The mixture of DFFs and Synchronous RAM blocks is confusing me as it does not match a simple shift register chain with XOR gates in feedback as used with CRC checking hardware. The reason I expect this to match CRC hardware is that both have concept of a polynomial that decides where we tap to get the feedback bits.

Edit:
I would be grateful if someone can clarify the relationship between Tables 1 & 2 and the Table 3. Why are there only 4 DFFs each time and they are providing address into some RAM blocks? That is now how shift registers work.

One Answer

  1. That is just an example how to parallelize 1-bit wide and 32-bit deep shift register into an implementation that suits better for programmable logic devices, in this case 2-bit wide and 16-bit deep as an example, and then extends it to many bits wide and many bits deep register.

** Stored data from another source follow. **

definition partial_eval :: "(('n::finite \<Rightarrow> nat) \<Rightarrow> real) \<Rightarrow> 'n \<Rightarrow> real^'n \<Rightarrow> real" where
  "partial_eval c j x = (\<Sum>nu\<in>{nu. c nu \<noteq> 0}.
      c nu * real (nu j) * (\<Prod>i\<in>UNIV. (x$i) ^ (nu i - (if i = j then 1 else 0))))"

definition newton_polyhedron :: "(('n::finite \<Rightarrow> nat) \<Rightarrow> real) \<Rightarrow> (real^'n) set" where
  "newton_polyhedron c =
     convex hull (\<Union>nu\<in>{nu. c nu \<noteq> 0}. {x. \<forall>i. real (nu i) \<le> x$i})"

definition supp_fun :: "(real^'n) set \<Rightarrow> real^'n \<Rightarrow> real" where
  "supp_fun G k = Inf ((\<lambda>x. k \<bullet> x) ` G)"

definition dual_cone :: "(real^'n) set \<Rightarrow> (real^'n) set \<Rightarrow> (real^'n) set" where
  "dual_cone G tau = {k. (\<forall>i. 0 \<le> k$i) \<and> {x\<in>G. k \<bullet> x = supp_fun G k} = tau}"

definition face_poly :: "(('n::finite \<Rightarrow> nat) \<Rightarrow> real) \<Rightarrow> (real^'n) set \<Rightarrow> (('n \<Rightarrow> nat) \<Rightarrow> real)" where
  "face_poly c tau = (\<lambda>nu. if exp_vec nu \<in> tau then c nu else 0)"

definition compact_face :: "(('n::finite \<Rightarrow> nat) \<Rightarrow> real) \<Rightarrow> (real^'n) set \<Rightarrow> bool" where
  "compact_face c tau \<longleftrightarrow> tau face_of newton_polyhedron c \<and> compact tau \<and> tau \<noteq> {}"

  2. For 12-bit shift register, there's 144 different tap configurations to achieve a maximal length output, and for 16-bit shift register, there's 2048 different tap configurations to achieve a maximal length output. Just select a configuration from a list, the Xilinx appnote has examples for which taps to use. Each configuration of taps generates a different sequence. However, 12-bit and 16-bit configurations are not that widely used, as they require four feedback taps. 11-bit, 15-bit and 17-bit registers only need two taps for feedback.

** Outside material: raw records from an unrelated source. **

fun times_coord :: "'a coord \<Rightarrow> 'a coord \<Rightarrow> 'a coord" where
  "(Coord a1 a2 a3 a4 a5 a6 a7 a8 a9 a10 a11 a12 a13
      a14 a15 a16 a17 a18 a19 a20 a21 a22 a23 a24 a25 a26) *
   (Coord b1 b2 b3 b4 b5 b6 b7 b8 b9 b10 b11 b12 b13
      b14 b15 b16 b17 b18 b19 b20 b21 b22 b23 b24 b25 b26) =
    Coord
      0
      0
      (a1 * b2)
      (a2 * b1)
      (a2 * b2)
      (a1 * b4 + a3 * b1)
      (a1 * b5 + a3 * b2)
      (a2 * b3 + a4 * b2)
      (a2 * b4 + a5 * b1)
      (a2 * b5 + a5 * b2)
      (a1 * b8 + a3 * b3 + a6 * b2)
      (a1 * b10 + a3 * b5 + a7 * b2)
      (a2 * b6 + a4 * b4 + a8 * b1)
      (a2 * b7 + a4 * b5 + a8 * b2)
      (a2 * b8 + a5 * b3 + a9 * b2)
      (a2 * b9 + a5 * b4 + a10 * b1)
      (a1 * b14 + a3 * b7 + a6 * b5 + a11 * b2)
      (a1 * b16 + a3 * b9 + a7 * b4 + a12 * b1)
      (a2 * b11 + a4 * b8 + a8 * b3 + a13 * b2)
      (a2 * b12 + a4 * b10 + a8 * b5 + a14 * b2)
      (a2 * b13 + a5 * b6 + a9 * b4 + a15 * b1)
      (a2 * b15 + a5 * b8 + a10 * b3 + a16 * b2)
      (5 * (a1 * b22 + a3 * b15 + a7 * b8 + a12 * b3 + a18 * b2)
        - 2 * (a2 * b19 + a5 * b11 + a9 * b8 + a15 * b3 + a21 * b2))
      (a2 * b17 + a4 * b14 + a8 * b7 + a13 * b5 + a19 * b2
        + (a2 * b19 + a5 * b11 + a9 * b8 + a15 * b3 + a21 * b2))
      (5 * (a2 * b18 + a4 * b16 + a8 * b9 + a14 * b4 + a20 * b1)
        + 2 * (a2 * b19 + a5 * b11 + a9 * b8 + a15 * b3 + a21 * b2))
      (5 * (a4 * b22 + a8 * b15 + a14 * b8 + a20 * b3) + 2 * (a5 * b17 + a9 * b14 + a15 * b7 + a21 * b5)
        + a2 * b23 + 2 * (a2 * b24) + a25 * b2)"

instance ..

end

definition coords :: "'a::field ncpoly \<Rightarrow> 'a coord" where
  "coords p = Coord
    (p [gx]) (p [gy])
    (p [gx,gy]) (p [gy,gx]) (p [gy,gy])
    (p [gx,gy,gx]) (p [gx,gy,gy]) (p [gy,gx,gy]) (p [gy,gy,gx]) (p [gy,gy,gy])
    (p [gx,gy,gx,gy]) (p [gx,gy,gy,gy]) (p [gy,gx,gy,gx]) (p [gy,gx,gy,gy]) (p [gy,gy,gx,gy])
    (p [gy,gy,gy,gx])
    (p [gx,gy,gx,gy,gy]) (p [gx,gy,gy,gy,gx]) (p [gy,gx,gy,gx,gy]) (p [gy,gx,gy,gy,gy])
    (p [gy,gy,gx,gy,gx]) (p [gy,gy,gy,gx,gy])
    (5 * p [gx,gy,gy,gy,gx,gy] - 2 * p [gy,gy,gx,gy,gx,gy])
    (p [gy,gx,gy,gx,gy,gy] + p [gy,gy,gx,gy,gx,gy])
    (5 * p [gy,gx,gy,gy,gy,gx] + 2 * p [gy,gy,gx,gy,gx,gy])
    (5 * p [gy,gx,gy,gy,gy,gx,gy] + 2 * p [gy,gy,gx,gy,gx,gy,gy])"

  3. Of course, it's exactly the same code as calculating a CRC, except you are feeding no data in and let the shift register feed itself back. It seems that the XNOR configuration has exact same taps as the usual Galois configuration, where you just XOR with the polynomial. A 32-bit integer is a 32-bit shift register, so even if you use code for CRC32 algorithm, you will get a maximal length pseudorandom bitstream with 2^32-1 bits. As long as the shift register is initialized to something that is non-zero.

Don't think about the RAM blocks, unless you must implement this on a PLD of some sort.